We want our students to be able to sit in any room — whether in Accra, London, Dubai, or New York — and speak intelligently about their faith, their culture, their society, and the world.
Freedom without discipline leads to chaos. Knowledge without discipline leads to arrogance. Hikmah places strong emphasis on time management, responsibility, self-control, respect for parents and teachers, and commitment to work.
Ultimately, Hikmah aims to nurture students who will become leaders in their professions, communities, and families — not through loudness or dominance, but through responsibility, integrity, calm judgment, and the ability to bring people together.

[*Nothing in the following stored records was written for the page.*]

lemma card_containing_le_sum_extensions:
  fixes \<F> \<B> :: "('a::{field,finite}^'n) set set" and A F0 :: "('a^'n) set"
  assumes \<F>: "\<F> \<subseteq> ksubspaces k" and ai: "almost_t_intersecting t \<F>" and \<B>: "\<B> \<subseteq> \<F>"
    and "t \<le> k" and A: "vec.subspace A" and F0: "F0 \<in> \<F>" and "vec.dim (A \<inter> F0) < t"
  obtains \<U> where "finite \<U>" "\<U> \<noteq> {}"
    "\<And>U. U \<in> \<U> \<Longrightarrow> vec.subspace U \<and> A \<subseteq> U \<and> vec.dim U = Suc (vec.dim A)"
    "real (card \<U>) \<le> gauss_binom CARD('a) (k - t + 1) 1"
    "card (containing \<B> A) \<le> 1 + (\<Sum>U\<in>\<U>. card (containing \<B> U))"
proof -
  have F0s: "vec.subspace F0" "vec.dim F0 = k" using F0 \<F> unfolding ksubspaces_def by auto
  have "k - t + 1 + vec.dim (A \<inter> F0) \<le> vec.dim F0" using F0s(2) assms(4,7) by linarith
  then obtain W where W: "vec.subspace W" "W \<subseteq> F0" "vec.dim W = k - t + 1" "W \<inter> A \<subseteq> {0}"
    using subspace_avoiding_exists[OF A F0s(1)] by blast
  define \<U> where "\<U> = (\<lambda>v. vec.span (insert v A)) ` (W - {0})"
  have "finite \<U>" by (simp add: \<U>_def)
  show ?thesis
  proof (rule that)
    show "finite \<U>" by fact
    have "\<not> W \<subseteq> {0}" using W(3) vec.dim_eq_0[of W] by simp
    then show "\<U> \<noteq> {}" by (auto simp: \<U>_def)
  next
    fix U assume "U \<in> \<U>"
    then obtain v where v: "v \<in> W" "v \<noteq> 0" "U = vec.span (insert v A)" by (auto simp: \<U>_def)
    then have "v \<notin> A" using W(4) by blast
    then have "v \<notin> vec.span A" using A by (metis vec.span_eq_iff)
    then show "vec.subspace U \<and> A \<subseteq> U \<and> vec.dim U = Suc (vec.dim A)"
      using v(3) by (auto simp: vec.dim_insert vec.span_base)
  next
    show "real (card \<U>) \<le> gauss_binom CARD('a) (k - t + 1) 1"
      unfolding gauss_binom_1 \<U>_def
      using card_span_insert_image_le[OF W(1), of A] card_subspace[OF W(1)] W(3) by simp
  next
    define E where "E = {F\<in>\<F>. vec.dim (F0 \<inter> F) < t}"
    have "card E \<le> 1" using ai F0 unfolding almost_t_intersecting_def E_def by blast
    have "containing \<B> A \<subseteq> E \<union> (\<Union>U\<in>\<U>. containing \<B> U)"
      using containing_subset_extensions[OF \<F> \<B> F0 W(1,2)] W(3) assms(4)
      unfolding E_def \<U>_def by auto
    then have "card (containing \<B> A) \<le> card (E \<union> (\<Union>U\<in>\<U>. containing \<B> U))"
      by (rule card_mono[rotated]) simp
    also have "\<dots> \<le> card E + (\<Sum>U\<in>\<U>. card (containing \<B> U))"
      using card_Un_le card_UN_le[of \<U> "containing \<B>"] \<open>finite \<U>\<close>
      by (meson add_left_mono order_trans)
    finally show "card (containing \<B> A) \<le> 1 + (\<Sum>U\<in>\<U>. card (containing \<B> U))"
      using \<open>card E \<le> 1\<close> by linarith
  qed
qed
definition pos_update :: "nat \<Rightarrow> nat list \<Rightarrow> nat list" where
  "pos_update qcap q = 1 # take (qcap - 1) q"

definition qs_update :: "nat \<Rightarrow> 'a \<Rightarrow> 'a qmap \<Rightarrow> 'a qmap" where
  "qs_update qcap ob M = (\<lambda>x. if x = ob
      then Some (pos_update qcap (case M ob of None \<Rightarrow> [] | Some q \<Rightarrow> q))
      else map_option neg_update (M x))"

definition Yval :: "nat list \<Rightarrow> int" where
  "Yval q = int (sum_list q) - 1"

definition Qest :: "'a qmap \<Rightarrow> 'a \<Rightarrow> real" where
  "Qest M i = (case M i of None \<Rightarrow> 0
     | Some q \<Rightarrow> if length q \<le> 1 then 0
                 else (real (length q) - 1) / real_of_int (Yval q))"

text \<open>A run of the Qs predictor: S t is the queue map at time t (before the update
  at time t), starting empty at time 1; at each time t \<ge> 1 the observed item obs t
  is processed, then an arbitrary set P of items (not containing obs t) is pruned.\<close>
definition qs_run :: "nat \<Rightarrow> (nat \<Rightarrow> 'a) \<Rightarrow> (nat \<Rightarrow> 'a qmap) \<Rightarrow> bool" where
  "qs_run qcap obs S \<longleftrightarrow>
     S 1 = (\<lambda>_. None) \<and>
     (\<forall>t\<ge>1. \<exists>P. obs t \<notin> P \<and>
        S (Suc t) = (\<lambda>x. if x \<in> P then None else qs_update qcap (obs t) (S t) x))"

end

theory Submission
  imports Defs
begin

text \<open>Every queue of a run is nonempty, has positive cells and at most qcap of them, so
  Y \<ge> |q| - 1 and Q = (|q| - 1) / Y lies in [0, 1].  A negative update raises Y by one
  at fixed length, which lowers Q.  A positive update either raises Y by one together
  with the length, which takes (l - 1)/Y to l/(Y + 1) \<ge> (l - 1)/Y because Y \<ge> l - 1,
  or, at capacity, replaces the oldest cell (at least 1) by the new cell 1, which
  cannot raise Y.\<close>

definition valid_queue :: "nat \<Rightarrow> nat list \<Rightarrow> bool" where
  "valid_queue qcap q \<longleftrightarrow> q \<noteq> [] \<and> (\<forall>c\<in>set q. 0 < c) \<and> length q \<le> qcap"

definition queue_est :: "nat list \<Rightarrow> real" where
  "queue_est q = (if length q \<le> 1 then 0 else (real (length q) - 1) / real_of_int (Yval q))"

lemma Qest_eq_queue_est: "Qest M i = (case M i of None \<Rightarrow> 0 | Some q \<Rightarrow> queue_est q)"
  unfolding Qest_def queue_est_def by (simp split: option.splits)

lemma length_le_sum_list_pos: "\<forall>c\<in>set q. 0 < c \<Longrightarrow> length q \<le> sum_list (q :: nat list)"
  by (induction q) auto

lemma Yval_ge_length: "\<forall>c\<in>set q. 0 < c \<Longrightarrow> int (length q) - 1 \<le> Yval q"
  using length_le_sum_list_pos[of q] unfolding Yval_def by simp

lemma length_neg_update [simp]: "length (neg_update q) = length q"
  unfolding neg_update_def by (simp split: list.split)

lemma Yval_neg_update: "q \<noteq> [] \<Longrightarrow> Yval (neg_update q) = Yval q + 1"
  unfolding neg_update_def Yval_def by (auto split: list.split)

lemma valid_queue_neg_update: "valid_queue qcap q \<Longrightarrow> valid_queue qcap (neg_update q)"
  unfolding valid_queue_def neg_update_def by (auto split: list.split)

lemma valid_queue_pos_update:
  "0 < qcap \<Longrightarrow> \<forall>c\<in>set q. 0 < c \<Longrightarrow> valid_queue qcap (pos_update qcap q)"
  unfolding valid_queue_def pos_update_def by (auto dest: in_set_takeD)

lemma pos_update_below_capacity:
  assumes "length q < qcap"
  shows "length (pos_update qcap q) = Suc (length q)" "Yval (pos_update qcap q) = Yval q + 1"
  using assms unfolding pos_update_def Yval_def by auto

lemma pos_update_at_capacity:
  assumes "length q = qcap" and "q \<noteq> []" and "\<forall>c\<in>set q. 0 < c"
  shows "length (pos_update qcap q) = length q" "Yval (pos_update qcap q) \<le> Yval q"
proof -
  have dropped: "pos_update qcap q = 1 # butlast q"
    using assms(1) unfolding pos_update_def by (simp add: butlast_conv_take)
  then show "length (pos_update qcap q) = length q"
    using assms(2) by simp
  have "sum_list q = sum_list (butlast q) + last q"
    using append_butlast_last_id[OF assms(2)]
    by (metis sum_list_append sum_list.Cons sum_list.Nil add_0_right)
  moreover have "0 < last q"
    using assms(2,3) by simp
  ultimately show "Yval (pos_update qcap q) \<le> Yval q"
    unfolding dropped Yval_def by simp
qed

lemma queue_est_nonneg: "\<forall>c\<in>set q. 0 < c \<Longrightarrow> 0 \<le> queue_est q"
  using Yval_ge_length[of q] unfolding queue_est_def by auto
lemma nn_integral_twisted_chain_path:
  assumes x: "x \<in> space E" and "G \<in> borel_measurable (PiM {0..n} (\<lambda>_. E))"
  shows "(\<integral>\<^sup>+\<omega>. G \<omega> \<partial>chain_path E (twisted_kernel M h) n x)
       = (\<integral>\<^sup>+\<omega>. ennreal (twisted_path_density M h n \<omega>) * G \<omega> \<partial>chain_path E M n x)"
  using assms(2)
proof (induction n arbitrary: G)
  case 0
  then show ?case by (simp add: twisted_path_density_def)
next
  case (Suc n)
  let ?D = "twisted_path_density M h" and ?K = "twisted_kernel M h"
  note Suc.prems[measurable]
  define \<Phi> where "\<Phi> \<omega> = (\<integral>\<^sup>+y. ennreal (1 / h y / Mh (\<omega> n)) * G (fun_upd \<omega> (Suc n) y) \<partial>M (\<omega> n))" for \<omega>
  have "\<Phi> \<in> borel_measurable (PiM {0..n} (\<lambda>_. E))"
    unfolding \<Phi>_def by (rule nn_integral_measurable_subprob_algebra2) measurable
  have "(\<integral>\<^sup>+\<omega>. G \<omega> \<partial>chain_path E ?K (Suc n) x)
      = (\<integral>\<^sup>+\<omega>. (\<integral>\<^sup>+y. G (fun_upd \<omega> (Suc n) y) \<partial>?K (\<omega> n)) \<partial>chain_path E ?K n x)"
    by (rule nn_integral_chain_path_Suc[OF measurable_twisted_kernel x Suc.prems])
  also have "\<dots> = (\<integral>\<^sup>+\<omega>. \<Phi> \<omega> \<partial>chain_path E ?K n x)"
    unfolding \<Phi>_def
    by (intro nn_integral_cong nn_integral_twisted_kernel)
       (auto simp: space_chain_path[OF measurable_twisted_kernel x] space_PiM PiE_iff)
  also have "\<dots> = (\<integral>\<^sup>+\<omega>. ennreal (?D n \<omega>) * \<Phi> \<omega> \<partial>chain_path E M n x)"
    by (rule Suc.IH) fact
  also have "\<dots> = (\<integral>\<^sup>+\<omega>. (\<integral>\<^sup>+y. ennreal (?D (Suc n) (fun_upd \<omega> (Suc n) y)) * G (fun_upd \<omega> (Suc n) y)
                       \<partial>M (\<omega> n)) \<partial>chain_path E M n x)"
  proof (rule nn_integral_cong)
    fix \<omega> assume "\<omega> \<in> space (chain_path E M n x)"
    then have \<omega>: "\<omega> \<in> space (PiM {0..n} (\<lambda>_. E))" and \<omega>n: "\<omega> n \<in> space E"
      by (auto simp: space_chain_path[OF kernel x] space_PiM PiE_iff)
    have "ennreal (?D n \<omega>) * \<Phi> \<omega>
        = (\<integral>\<^sup>+y. ennreal (?D n \<omega>) * (ennreal (1 / h y / Mh (\<omega> n)) * G (fun_upd \<omega> (Suc n) y)) \<partial>M (\<omega> n))"
      unfolding \<Phi>_def using \<omega>
      by (intro nn_integral_cmult[symmetric]) (simp add: sets_kernel[OF \<omega>n] cong: measurable_cong_sets)
    also have "\<dots> = (\<integral>\<^sup>+y. ennreal (?D (Suc n) (fun_upd \<omega> (Suc n) y)) * G (fun_upd \<omega> (Suc n) y) \<partial>M (\<omega> n))"
      using twisted_path_density_nonneg[OF \<omega>]
      by (intro nn_integral_cong)
         (simp add: twisted_path_density_fun_upd_Suc ennreal_mult'[symmetric] mult.assoc[symmetric])
    finally show "ennreal (?D n \<omega>) * \<Phi> \<omega> = \<dots>" .
  qed
  also have "\<dots> = (\<integral>\<^sup>+\<omega>. ennreal (?D (Suc n) \<omega>) * G \<omega> \<partial>chain_path E M (Suc n) x)"
    by (intro nn_integral_chain_path_Suc[OF kernel x, symmetric]) measurable
  finally show ?case .
qed

lemma twisted_chain_path_eq_density:
  assumes x: "x \<in> space E"
  shows "chain_path E (twisted_kernel M h) n x
       = density (chain_path E M n x) (\<lambda>\<omega>. ennreal (twisted_path_density M h n \<omega>))"
proof (rule measure_eqI)
  note sets_eq = sets_chain_path[OF kernel x] sets_chain_path[OF measurable_twisted_kernel x]
  show "sets (chain_path E (twisted_kernel M h) n x)
      = sets (density (chain_path E M n x) (\<lambda>\<omega>. ennreal (twisted_path_density M h n \<omega>)))"
    by (simp add: sets_eq)
  fix A assume "A \<in> sets (chain_path E (twisted_kernel M h) n x)"
  then have A: "A \<in> sets (PiM {0..n} (\<lambda>_. E))" by (simp add: sets_eq)
  show "emeasure (chain_path E (twisted_kernel M h) n x) A
      = emeasure (density (chain_path E M n x) (\<lambda>\<omega>. ennreal (twisted_path_density M h n \<omega>))) A"
    using nn_integral_twisted_chain_path[OF x borel_measurable_indicator[OF A]] A
    by (simp add: emeasure_density sets_eq nn_integral_indicator cong: measurable_cong_sets)
qed

lemma twisted_path_density_telescope:
  assumes \<omega>: "\<omega> \<in> space (PiM {0..n} (\<lambda>_. E))"
  shows "twisted_path_density M h n \<omega> * (\<Prod>k\<in>{1..n}. h (\<omega> k) * Mh (\<omega> k)) = Mh (\<omega> n) / Mh (\<omega> 0)"
proof -
  have pos: "0 < h (\<omega> k)" "0 < Mh (\<omega> k)" if "k \<le> n" for k
    using \<omega> that h_pos Mh_pos by (auto simp: space_PiM PiE_iff)
  have "twisted_path_density M h n \<omega> * (\<Prod>k\<in>{1..n}. h (\<omega> k) * Mh (\<omega> k))
      = (\<Prod>k\<in>{Suc 0..n}. Mh (\<omega> k) / Mh (\<omega> (k - 1)))"
    unfolding twisted_path_density_def prod.distrib[symmetric]
    using pos by (intro prod.cong) (auto simp: field_simps less_imp_neq[symmetric])
  also have "\<dots> = Mh (\<omega> n) / Mh (\<omega> 0)"
    by (intro prod_telescope'') (force dest: pos(2))+
  finally show ?thesis .
qed

lemma integral_chain_path_eq_twisted:
  assumes x: "x \<in> space E"
    and [measurable]: "H \<in> borel_measurable E" "G \<in> borel_measurable (PiM {0..n} (\<lambda>_. E))"
  shows "(\<integral>\<omega>. G \<omega> * (\<Prod>k\<in>{1..n}. H (\<omega> k)) \<partial>chain_path E M n x)
       = (\<integral>\<omega>. G \<omega> * (Mh (\<omega> 0) / Mh (\<omega> n)) * (\<Prod>k\<in>{1..n}. H (\<omega> k) * h (\<omega> k) * Mh (\<omega> k))
           \<partial>chain_path E (twisted_kernel M h) n x)"
proof -
  let ?D = "twisted_path_density M h n"
  note sets_eq = sets_chain_path[OF kernel x] and space_eq = space_chain_path[OF kernel x]
  have "(\<integral>\<omega>. G \<omega> * (Mh (\<omega> 0) / Mh (\<omega> n)) * (\<Prod>k\<in>{1..n}. H (\<omega> k) * h (\<omega> k) * Mh (\<omega> k))
           \<partial>chain_path E (twisted_kernel M h) n x)
      = (\<integral>\<omega>. ?D \<omega> * (G \<omega> * (Mh (\<omega> 0) / Mh (\<omega> n)) * (\<Prod>k\<in>{1..n}. H (\<omega> k) * h (\<omega> k) * Mh (\<omega> k)))
           \<partial>chain_path E M n x)"
    unfolding twisted_chain_path_eq_density[OF x]
    by (subst integral_density)
       (auto intro!: AE_I2 twisted_path_density_nonneg simp: sets_eq space_eq cong: measurable_cong_sets)
  also have "\<dots> = (\<integral>\<omega>. G \<omega> * (\<Prod>k\<in>{1..n}. H (\<omega> k)) \<partial>chain_path E M n x)"
  proof (rule Bochner_Integration.integral_cong[OF refl])
    fix \<omega> assume "\<omega> \<in> space (chain_path E M n x)"
    then have \<omega>: "\<omega> \<in> space (PiM {0..n} (\<lambda>_. E))" by (simp add: space_eq)
    then have "0 < Mh (\<omega> 0)" "0 < Mh (\<omega> n)"
      using Mh_pos by (auto simp: space_PiM PiE_iff)
    have "(\<Prod>k\<in>{1..n}. H (\<omega> k) * h (\<omega> k) * Mh (\<omega> k))
        = (\<Prod>k\<in>{1..n}. H (\<omega> k)) * (\<Prod>k\<in>{1..n}. h (\<omega> k) * Mh (\<omega> k))"
      by (simp add: prod.distrib mult.assoc)
    then have "?D \<omega> * (G \<omega> * (Mh (\<omega> 0) / Mh (\<omega> n)) * (\<Prod>k\<in>{1..n}. H (\<omega> k) * h (\<omega> k) * Mh (\<omega> k)))
        = G \<omega> * (\<Prod>k\<in>{1..n}. H (\<omega> k)) * (Mh (\<omega> 0) / Mh (\<omega> n))
          * (?D \<omega> * (\<Prod>k\<in>{1..n}. h (\<omega> k) * Mh (\<omega> k)))"
      by (simp only: ac_simps)
    also have "\<dots> = G \<omega> * (\<Prod>k\<in>{1..n}. H (\<omega> k))"
      using twisted_path_density_telescope[OF \<omega>] \<open>0 < Mh (\<omega> 0)\<close> \<open>0 < Mh (\<omega> n)\<close> by simp
    finally show "?D \<omega> * (G \<omega> * (Mh (\<omega> 0) / Mh (\<omega> n)) * (\<Prod>k\<in>{1..n}. H (\<omega> k) * h (\<omega> k) * Mh (\<omega> k)))
        = G \<omega> * (\<Prod>k\<in>{1..n}. H (\<omega> k))" .
  qed
  finally show ?thesis ..
qed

Every society eventually becomes what it teaches its children.
Education is an act of civilizational responsibility — not just a preparation for examinations.
At Hikmah, we try — in our own small way — to educate not only the mind, but also the character, the identity, the imagination, and the conscience. We believe that if we succeed in this, even partially, our students will grow up not only as successful individuals, but as thoughtful human beings who build families, communities, institutions, and societies with wisdom, discipline, and compassion.
And that, ultimately, is the purpose of education.